* _Source data_
::::::::::

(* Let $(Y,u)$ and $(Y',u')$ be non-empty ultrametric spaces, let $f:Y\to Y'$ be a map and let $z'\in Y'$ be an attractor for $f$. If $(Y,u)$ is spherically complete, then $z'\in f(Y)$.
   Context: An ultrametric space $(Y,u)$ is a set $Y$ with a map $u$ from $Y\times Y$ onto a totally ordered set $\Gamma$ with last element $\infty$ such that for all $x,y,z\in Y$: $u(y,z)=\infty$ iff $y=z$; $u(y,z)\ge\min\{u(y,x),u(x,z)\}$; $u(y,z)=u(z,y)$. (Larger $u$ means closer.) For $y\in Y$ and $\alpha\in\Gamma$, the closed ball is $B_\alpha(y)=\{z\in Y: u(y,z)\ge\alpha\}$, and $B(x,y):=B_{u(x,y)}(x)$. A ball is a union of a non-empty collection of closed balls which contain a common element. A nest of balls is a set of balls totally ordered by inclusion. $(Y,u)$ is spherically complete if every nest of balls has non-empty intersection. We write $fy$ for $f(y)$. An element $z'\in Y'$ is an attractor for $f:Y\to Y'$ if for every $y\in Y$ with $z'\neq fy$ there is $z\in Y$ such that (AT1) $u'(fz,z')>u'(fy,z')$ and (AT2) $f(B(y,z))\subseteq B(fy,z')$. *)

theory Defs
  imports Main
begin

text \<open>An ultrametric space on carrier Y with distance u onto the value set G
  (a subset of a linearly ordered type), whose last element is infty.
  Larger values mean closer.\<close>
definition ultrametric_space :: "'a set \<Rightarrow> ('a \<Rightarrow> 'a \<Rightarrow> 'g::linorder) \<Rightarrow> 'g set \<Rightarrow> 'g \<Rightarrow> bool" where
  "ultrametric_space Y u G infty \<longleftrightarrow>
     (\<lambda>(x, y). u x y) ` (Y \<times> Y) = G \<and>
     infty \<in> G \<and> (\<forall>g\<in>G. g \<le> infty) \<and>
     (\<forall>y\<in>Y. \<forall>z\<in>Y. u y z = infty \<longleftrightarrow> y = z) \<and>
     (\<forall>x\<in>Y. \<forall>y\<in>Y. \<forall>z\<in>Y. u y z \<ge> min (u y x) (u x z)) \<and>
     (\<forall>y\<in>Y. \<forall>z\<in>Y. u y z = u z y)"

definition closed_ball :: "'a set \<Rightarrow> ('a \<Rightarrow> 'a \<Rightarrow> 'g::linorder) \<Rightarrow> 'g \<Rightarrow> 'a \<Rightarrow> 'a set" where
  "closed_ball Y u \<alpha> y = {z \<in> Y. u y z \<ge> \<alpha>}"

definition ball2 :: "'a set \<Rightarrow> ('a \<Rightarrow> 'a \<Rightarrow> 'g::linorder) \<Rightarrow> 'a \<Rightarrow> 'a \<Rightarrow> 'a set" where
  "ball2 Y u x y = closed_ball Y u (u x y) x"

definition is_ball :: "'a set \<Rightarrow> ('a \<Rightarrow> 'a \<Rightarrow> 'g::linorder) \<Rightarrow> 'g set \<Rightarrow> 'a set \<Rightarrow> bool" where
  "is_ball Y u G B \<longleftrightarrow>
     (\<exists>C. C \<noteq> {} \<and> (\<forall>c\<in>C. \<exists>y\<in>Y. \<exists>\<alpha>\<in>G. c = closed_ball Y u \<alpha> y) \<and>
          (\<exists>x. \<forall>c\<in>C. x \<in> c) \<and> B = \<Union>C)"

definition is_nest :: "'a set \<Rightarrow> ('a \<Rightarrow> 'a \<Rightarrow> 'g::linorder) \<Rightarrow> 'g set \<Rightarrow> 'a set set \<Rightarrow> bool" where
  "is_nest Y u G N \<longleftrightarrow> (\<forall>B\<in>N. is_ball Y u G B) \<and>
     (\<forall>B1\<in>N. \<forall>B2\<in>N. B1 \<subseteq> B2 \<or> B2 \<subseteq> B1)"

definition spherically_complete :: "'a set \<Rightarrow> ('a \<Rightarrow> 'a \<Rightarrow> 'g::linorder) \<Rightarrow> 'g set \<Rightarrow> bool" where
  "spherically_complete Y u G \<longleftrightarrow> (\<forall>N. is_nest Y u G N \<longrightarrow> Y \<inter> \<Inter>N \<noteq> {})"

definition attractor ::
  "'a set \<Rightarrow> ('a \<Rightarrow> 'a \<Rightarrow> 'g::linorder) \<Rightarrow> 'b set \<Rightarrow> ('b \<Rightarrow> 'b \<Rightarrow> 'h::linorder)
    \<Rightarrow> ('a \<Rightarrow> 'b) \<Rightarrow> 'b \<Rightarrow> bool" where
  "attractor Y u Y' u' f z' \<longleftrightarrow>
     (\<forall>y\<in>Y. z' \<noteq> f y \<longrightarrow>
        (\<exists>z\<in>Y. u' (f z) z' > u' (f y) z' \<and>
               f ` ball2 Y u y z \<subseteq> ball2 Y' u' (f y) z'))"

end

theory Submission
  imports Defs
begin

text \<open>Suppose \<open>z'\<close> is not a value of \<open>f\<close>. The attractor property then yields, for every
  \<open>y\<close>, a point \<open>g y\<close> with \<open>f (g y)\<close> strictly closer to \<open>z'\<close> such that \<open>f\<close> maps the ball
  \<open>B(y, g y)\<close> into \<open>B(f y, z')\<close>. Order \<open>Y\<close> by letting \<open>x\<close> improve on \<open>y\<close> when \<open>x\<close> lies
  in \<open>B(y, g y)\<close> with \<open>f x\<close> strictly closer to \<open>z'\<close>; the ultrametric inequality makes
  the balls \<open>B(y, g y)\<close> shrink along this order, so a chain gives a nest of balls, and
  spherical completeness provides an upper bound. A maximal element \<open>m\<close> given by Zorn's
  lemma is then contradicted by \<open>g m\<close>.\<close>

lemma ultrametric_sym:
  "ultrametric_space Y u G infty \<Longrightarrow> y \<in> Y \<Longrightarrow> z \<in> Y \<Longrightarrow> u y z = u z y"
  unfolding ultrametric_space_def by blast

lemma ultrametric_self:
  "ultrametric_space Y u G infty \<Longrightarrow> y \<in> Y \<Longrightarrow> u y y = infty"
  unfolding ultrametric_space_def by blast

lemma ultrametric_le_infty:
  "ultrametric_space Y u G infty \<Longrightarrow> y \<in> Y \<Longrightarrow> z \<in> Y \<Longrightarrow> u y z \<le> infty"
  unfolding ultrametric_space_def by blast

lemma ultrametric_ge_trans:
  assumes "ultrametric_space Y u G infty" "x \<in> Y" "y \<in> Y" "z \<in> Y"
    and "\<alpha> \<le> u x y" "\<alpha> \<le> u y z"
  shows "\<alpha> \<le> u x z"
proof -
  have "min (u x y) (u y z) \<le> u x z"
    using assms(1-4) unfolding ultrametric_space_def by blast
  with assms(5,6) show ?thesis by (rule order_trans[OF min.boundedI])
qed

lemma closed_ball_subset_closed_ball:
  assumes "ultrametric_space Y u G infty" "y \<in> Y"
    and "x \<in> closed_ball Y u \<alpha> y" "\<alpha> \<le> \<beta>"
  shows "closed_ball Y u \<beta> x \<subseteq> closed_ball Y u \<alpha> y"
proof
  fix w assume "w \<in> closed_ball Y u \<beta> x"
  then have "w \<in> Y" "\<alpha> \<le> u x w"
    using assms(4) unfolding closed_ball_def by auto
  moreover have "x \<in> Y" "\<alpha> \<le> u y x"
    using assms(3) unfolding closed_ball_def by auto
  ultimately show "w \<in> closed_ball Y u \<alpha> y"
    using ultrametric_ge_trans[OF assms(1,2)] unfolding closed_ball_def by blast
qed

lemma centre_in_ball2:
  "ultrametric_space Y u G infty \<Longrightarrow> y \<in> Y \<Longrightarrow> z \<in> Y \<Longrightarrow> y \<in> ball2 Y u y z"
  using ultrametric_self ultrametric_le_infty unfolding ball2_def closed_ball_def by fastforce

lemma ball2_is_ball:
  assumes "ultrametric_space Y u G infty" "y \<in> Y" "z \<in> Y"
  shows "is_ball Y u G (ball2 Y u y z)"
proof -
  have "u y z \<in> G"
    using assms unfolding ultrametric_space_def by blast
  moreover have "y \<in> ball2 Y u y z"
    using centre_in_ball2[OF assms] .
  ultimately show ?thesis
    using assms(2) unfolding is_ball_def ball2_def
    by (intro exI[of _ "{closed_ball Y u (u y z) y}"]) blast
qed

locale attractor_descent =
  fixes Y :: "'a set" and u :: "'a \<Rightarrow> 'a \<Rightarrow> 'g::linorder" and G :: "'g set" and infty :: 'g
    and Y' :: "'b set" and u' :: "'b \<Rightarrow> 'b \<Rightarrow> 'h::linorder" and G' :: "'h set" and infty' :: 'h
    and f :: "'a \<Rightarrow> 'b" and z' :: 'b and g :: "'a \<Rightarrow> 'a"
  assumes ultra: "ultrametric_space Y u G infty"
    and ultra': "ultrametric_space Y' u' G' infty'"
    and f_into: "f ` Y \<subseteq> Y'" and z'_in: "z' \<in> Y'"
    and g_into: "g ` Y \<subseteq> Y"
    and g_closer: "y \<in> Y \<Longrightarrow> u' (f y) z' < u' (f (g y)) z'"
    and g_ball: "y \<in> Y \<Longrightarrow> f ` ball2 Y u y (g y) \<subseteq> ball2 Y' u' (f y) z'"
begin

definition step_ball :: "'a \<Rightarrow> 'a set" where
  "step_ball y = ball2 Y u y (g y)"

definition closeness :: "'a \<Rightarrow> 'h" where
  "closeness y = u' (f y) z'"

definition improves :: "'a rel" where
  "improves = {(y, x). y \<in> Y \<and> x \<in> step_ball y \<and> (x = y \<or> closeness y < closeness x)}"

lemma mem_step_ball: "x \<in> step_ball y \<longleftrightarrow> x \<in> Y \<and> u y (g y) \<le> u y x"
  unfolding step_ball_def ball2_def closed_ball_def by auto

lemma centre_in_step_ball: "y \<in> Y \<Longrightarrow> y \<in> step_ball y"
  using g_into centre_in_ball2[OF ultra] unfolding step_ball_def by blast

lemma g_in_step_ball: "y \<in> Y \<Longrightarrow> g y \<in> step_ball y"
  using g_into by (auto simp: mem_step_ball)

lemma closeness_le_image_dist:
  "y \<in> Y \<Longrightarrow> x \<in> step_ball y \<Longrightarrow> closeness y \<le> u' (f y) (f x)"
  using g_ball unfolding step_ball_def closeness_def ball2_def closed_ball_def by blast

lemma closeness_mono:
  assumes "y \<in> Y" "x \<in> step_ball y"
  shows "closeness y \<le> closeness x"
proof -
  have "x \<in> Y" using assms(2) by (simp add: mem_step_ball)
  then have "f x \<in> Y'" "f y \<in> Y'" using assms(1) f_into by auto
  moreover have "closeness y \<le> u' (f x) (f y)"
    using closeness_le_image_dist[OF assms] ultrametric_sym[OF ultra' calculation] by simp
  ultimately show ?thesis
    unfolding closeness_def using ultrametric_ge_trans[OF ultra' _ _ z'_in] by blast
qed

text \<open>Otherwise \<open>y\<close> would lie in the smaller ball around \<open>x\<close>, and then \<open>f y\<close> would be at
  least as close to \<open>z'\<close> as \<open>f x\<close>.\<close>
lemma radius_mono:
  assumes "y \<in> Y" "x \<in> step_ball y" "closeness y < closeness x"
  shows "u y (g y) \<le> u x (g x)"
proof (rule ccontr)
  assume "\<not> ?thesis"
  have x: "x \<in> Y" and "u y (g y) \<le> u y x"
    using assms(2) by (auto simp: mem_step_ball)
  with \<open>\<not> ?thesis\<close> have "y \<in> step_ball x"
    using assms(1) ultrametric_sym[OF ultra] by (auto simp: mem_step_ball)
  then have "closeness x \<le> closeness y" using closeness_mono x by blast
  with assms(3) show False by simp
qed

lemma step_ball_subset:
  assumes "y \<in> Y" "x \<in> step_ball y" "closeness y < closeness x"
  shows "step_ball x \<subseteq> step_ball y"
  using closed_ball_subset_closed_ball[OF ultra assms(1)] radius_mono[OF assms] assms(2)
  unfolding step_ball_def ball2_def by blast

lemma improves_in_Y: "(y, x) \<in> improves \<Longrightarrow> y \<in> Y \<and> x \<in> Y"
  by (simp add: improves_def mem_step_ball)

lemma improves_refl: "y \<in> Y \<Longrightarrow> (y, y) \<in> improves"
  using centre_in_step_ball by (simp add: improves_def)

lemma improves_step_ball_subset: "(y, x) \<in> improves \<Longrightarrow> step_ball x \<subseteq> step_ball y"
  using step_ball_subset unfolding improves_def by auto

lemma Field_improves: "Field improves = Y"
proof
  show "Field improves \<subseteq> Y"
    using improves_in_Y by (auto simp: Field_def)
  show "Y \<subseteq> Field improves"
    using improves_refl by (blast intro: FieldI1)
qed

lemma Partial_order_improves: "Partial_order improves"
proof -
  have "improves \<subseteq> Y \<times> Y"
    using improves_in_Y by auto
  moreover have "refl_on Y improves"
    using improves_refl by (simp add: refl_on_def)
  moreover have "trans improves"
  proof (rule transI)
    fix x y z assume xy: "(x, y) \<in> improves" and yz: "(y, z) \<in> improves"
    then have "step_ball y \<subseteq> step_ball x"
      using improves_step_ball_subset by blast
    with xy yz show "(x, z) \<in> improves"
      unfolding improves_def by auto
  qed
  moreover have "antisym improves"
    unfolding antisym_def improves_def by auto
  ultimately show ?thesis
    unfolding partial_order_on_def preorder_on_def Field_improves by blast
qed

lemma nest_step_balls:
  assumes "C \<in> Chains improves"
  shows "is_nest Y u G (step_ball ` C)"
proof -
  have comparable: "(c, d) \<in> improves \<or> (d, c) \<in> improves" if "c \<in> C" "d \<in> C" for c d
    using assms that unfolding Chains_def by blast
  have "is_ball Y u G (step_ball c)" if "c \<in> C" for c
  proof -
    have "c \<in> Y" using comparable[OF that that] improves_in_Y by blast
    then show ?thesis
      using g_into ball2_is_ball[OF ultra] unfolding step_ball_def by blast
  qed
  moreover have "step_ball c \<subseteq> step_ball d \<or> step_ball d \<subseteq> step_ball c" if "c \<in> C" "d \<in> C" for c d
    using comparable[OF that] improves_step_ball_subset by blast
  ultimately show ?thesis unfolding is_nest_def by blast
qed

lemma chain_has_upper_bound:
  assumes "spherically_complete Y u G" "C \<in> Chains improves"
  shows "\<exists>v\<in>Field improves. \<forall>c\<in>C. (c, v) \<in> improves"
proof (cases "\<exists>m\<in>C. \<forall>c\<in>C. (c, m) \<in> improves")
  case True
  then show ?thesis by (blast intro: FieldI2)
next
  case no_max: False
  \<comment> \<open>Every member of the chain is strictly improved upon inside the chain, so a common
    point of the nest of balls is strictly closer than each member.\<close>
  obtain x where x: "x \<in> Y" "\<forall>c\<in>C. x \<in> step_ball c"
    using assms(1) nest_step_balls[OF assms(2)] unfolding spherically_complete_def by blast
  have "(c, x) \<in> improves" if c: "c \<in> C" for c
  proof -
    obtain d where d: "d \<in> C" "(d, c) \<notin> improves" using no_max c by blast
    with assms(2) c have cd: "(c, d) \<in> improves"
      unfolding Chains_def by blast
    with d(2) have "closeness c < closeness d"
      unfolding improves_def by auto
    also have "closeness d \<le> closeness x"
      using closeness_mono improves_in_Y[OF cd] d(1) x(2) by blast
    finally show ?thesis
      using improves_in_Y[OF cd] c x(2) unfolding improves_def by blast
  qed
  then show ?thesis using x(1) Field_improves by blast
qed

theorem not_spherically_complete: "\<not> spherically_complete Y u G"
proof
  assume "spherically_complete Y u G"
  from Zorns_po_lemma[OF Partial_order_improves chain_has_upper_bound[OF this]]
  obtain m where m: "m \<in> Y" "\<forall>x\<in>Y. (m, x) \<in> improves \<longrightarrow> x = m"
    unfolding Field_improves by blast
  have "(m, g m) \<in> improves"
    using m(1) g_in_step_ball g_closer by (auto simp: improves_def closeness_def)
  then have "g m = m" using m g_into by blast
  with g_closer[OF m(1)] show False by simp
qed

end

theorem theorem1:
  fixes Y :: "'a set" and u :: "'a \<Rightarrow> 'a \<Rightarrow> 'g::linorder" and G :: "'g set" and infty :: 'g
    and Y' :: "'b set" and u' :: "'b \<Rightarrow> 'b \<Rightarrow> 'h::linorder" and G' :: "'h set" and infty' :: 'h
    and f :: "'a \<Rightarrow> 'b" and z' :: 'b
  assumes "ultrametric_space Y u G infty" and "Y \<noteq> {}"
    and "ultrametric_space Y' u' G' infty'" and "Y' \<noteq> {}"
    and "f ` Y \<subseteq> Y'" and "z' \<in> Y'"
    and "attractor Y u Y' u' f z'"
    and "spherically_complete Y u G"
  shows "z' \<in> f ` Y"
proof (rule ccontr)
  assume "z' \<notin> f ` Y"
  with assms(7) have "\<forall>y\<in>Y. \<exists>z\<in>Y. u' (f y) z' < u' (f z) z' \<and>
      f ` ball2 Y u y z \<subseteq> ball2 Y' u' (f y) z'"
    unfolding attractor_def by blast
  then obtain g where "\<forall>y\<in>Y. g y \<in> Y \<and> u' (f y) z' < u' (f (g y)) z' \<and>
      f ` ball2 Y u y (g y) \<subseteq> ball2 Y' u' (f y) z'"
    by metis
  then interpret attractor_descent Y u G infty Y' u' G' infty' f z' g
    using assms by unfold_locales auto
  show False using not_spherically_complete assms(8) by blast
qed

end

::::::::::

* _Your instructions_
Work out how many lines in this data contain "notin". Only that number should be given.

* _Response area_
2